FIG. 4 is a cross-sectional view of the circular grate assembly, annular support table and annular mounting table of example 3 shown in mating engagement;

FIG. 5 is a schematic view of a carrier rod according to example 3 lifting a second endless grate;

FIG. 6 is an enlarged schematic view of FIG. 5 at A;

FIG. 7 is a top view of the second conveyor belt and feed port installation provided in example 3;

FIG. 8 is a schematic installation diagram of the refining drum, the first conveyor belt and the second conveyor belt provided in example 3;

FIG. 9 is an installation side view of the refining drum and plugging provided in example 3;

fig. 10 is a schematic view showing a state of receiving garbage by the second conveyor belt provided in embodiment 3;

wherein, 1, furnace body; 11. a pyrolysis chamber; 12. a feeding port; 21. a first annular grate; 22. a second annular grate; 23. slag leakage holes; 24. a wiper blade; 31. a central spindle; 32. a first driving motor; 33. a second driving motor; 41. an annular support table; 42. an annular mounting table; 421. a ball; 422. annular guide ribs; 43. an annular lifting platform; 44. a push rod; 441. a bearing; 45. an annular rack; 461. a first drive gear; 462. a second drive gear; 47. a hydraulic cylinder; 51. a first conveyor belt; 52. a second conveyor belt; 53. a refining roller; 531. a feed inlet; 532. a discharge port; 54. a third driving motor; 61. a block; 62. a telescopic member; 621. a piston rod; 7. a conical baffle.

Detailed Description

In order to better understand the above technical solutions, the following detailed description will refer to the accompanying drawings and specific embodiments.

It will be appreciated that the pyrolysis process of waste in the pyrolysis chamber may be broken down into: a heating stage, a partial garbage combustion stage and a garbage complete combustion stage; the method is respectively corresponding to the initial stage of garbage pyrolysis, the middle stage of garbage pyrolysis and the later stage of garbage pyrolysis.

Example 1

Referring to fig. 1 and 2, the present embodiment provides a vertical pyrolysis furnace for treating high-altitude garbage, comprising: the garbage furnace comprises a furnace body 1, wherein a pyrolysis chamber 11 for pyrolyzing garbage is arranged in the furnace body 1, and a round fire grate assembly for bearing the garbage is rotatably arranged in the pyrolysis chamber 11.

Specifically, the circular grate assembly includes: the first annular fire grate 21 and the second annular fire grate 22 are arranged in a staggered manner along the radial direction of the pyrolysis chamber 11, and the first annular fire grate 21 and the second annular fire grate 22 are coaxially arranged.

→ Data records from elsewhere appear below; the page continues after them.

text \<open>The parameter space R^N, realised as extensional functions on idx d,
  with its Euclidean (product) topology and Lebesgue (product) measure.\<close>
definition param_space :: "nat \<Rightarrow> ((nat \<times> nat) \<Rightarrow> real) set" where
  "param_space d = PiE (idx d) (\<lambda>_. UNIV)"

definition param_top :: "nat \<Rightarrow> ((nat \<times> nat) \<Rightarrow> real) topology" where
  "param_top d = product_topology (\<lambda>_. euclideanreal) (idx d)"

definition param_lebesgue :: "nat \<Rightarrow> ((nat \<times> nat) \<Rightarrow> real) measure" where
  "param_lebesgue d = PiM (idx d) (\<lambda>_. lborel)"

definition ppoly :: "nat \<Rightarrow> ((nat \<times> nat) \<Rightarrow> real) \<Rightarrow> real poly" where
  "ppoly d \<theta> = (\<Sum>k\<le>d. monom (\<theta> (k, d - k)) k)"

definition discriminant :: "real poly \<Rightarrow> real" where
  "discriminant p = (-1) ^ (degree p * (degree p - 1) div 2)
      * resultant p (pderiv p) / lead_coeff p"

definition Theta1 :: "nat \<Rightarrow> ((nat \<times> nat) \<Rightarrow> real) set" where
  "Theta1 d = {\<theta> \<in> param_space d. (\<forall>a::real. a \<ge> 0 \<longrightarrow> poly (ppoly d \<theta>) a < 0)
                  \<and> \<theta> (0, d) < 0 \<and> \<theta> (d, 0) < 0}"

definition Theta2 :: "nat \<Rightarrow> ((nat \<times> nat) \<Rightarrow> real) set" where
  "Theta2 d = {\<theta> \<in> param_space d. \<theta> (d, 0) < 0 \<and> \<theta> (0, d) < 0}
              - {\<theta>. discriminant (ppoly d \<theta>) = 0}"

end

theory Submission
  imports
    Defs
    "Subresultants.Subresultant_Gcd"
    "HOL-Computational_Algebra.Field_as_Ring"
    "HOL-Computational_Algebra.Fundamental_Theorem_Algebra"
begin

(* Off the discriminant locus, p(x;theta) has only simple roots. So if theta lies in Theta2 but
   not in Theta1, then p(a) >= 0 for some a >= 0, and since p(0) < 0 and every root is simple,
   p(b) > 0 for some b >= 0; this is an open condition, hence Theta1 \<inter> Theta2 is closed in
   Theta2. It is also open: homogenising p turns "p < 0 on [0, oo) and theta_{d0} < 0" into
   negativity of a jointly continuous function on the compact segment [0, 1]. So the components
   of Theta2 meeting Theta1 cover exactly Theta1 \<inter> Theta2, and the rest of Theta1 lies in the
   discriminant locus {theta_{d0} \<noteq> 0, D(theta) = 0}. That locus is null by Fubini in the
   coordinate theta_{0d}: with the other coefficients fixed, p has a multiple root only if
   -theta_{0d} is one of the finitely many critical values of the remaining polynomial. *)

section \<open>Polynomials with simple roots\<close>

lemma resultant_eq_0_if_common_root:
  fixes p q :: "real poly"
  assumes "p \<noteq> 0" "poly p x = 0" "poly q x = 0"
  shows "resultant p q = 0"
proof -
  have "[:-x, 1:] dvd gcd p q"
    using assms(2,3) by (simp add: poly_eq_0_iff_dvd)
  then have "degree [:-x, 1:] \<le> degree (gcd p q)"
    using assms(1) by (intro dvd_imp_degree_le) auto
  then show ?thesis
    by (simp add: resultant_0_gcd)
qed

At the initial stage of garbage pyrolysis, the driving part can drive the first annular grate 21/the second annular grate 22 contacted with the furnace wall to rotate, so that garbage contacted with the furnace wall can be driven to roll and contact with the furnace wall along the circumferential direction of the furnace wall, the furnace wall is uniformly heated in the circumferential direction, uneven heat value distribution of the highland garbage during heating in the pyrolysis chamber 11 is prevented, and the service life of the furnace body 1 is shortened.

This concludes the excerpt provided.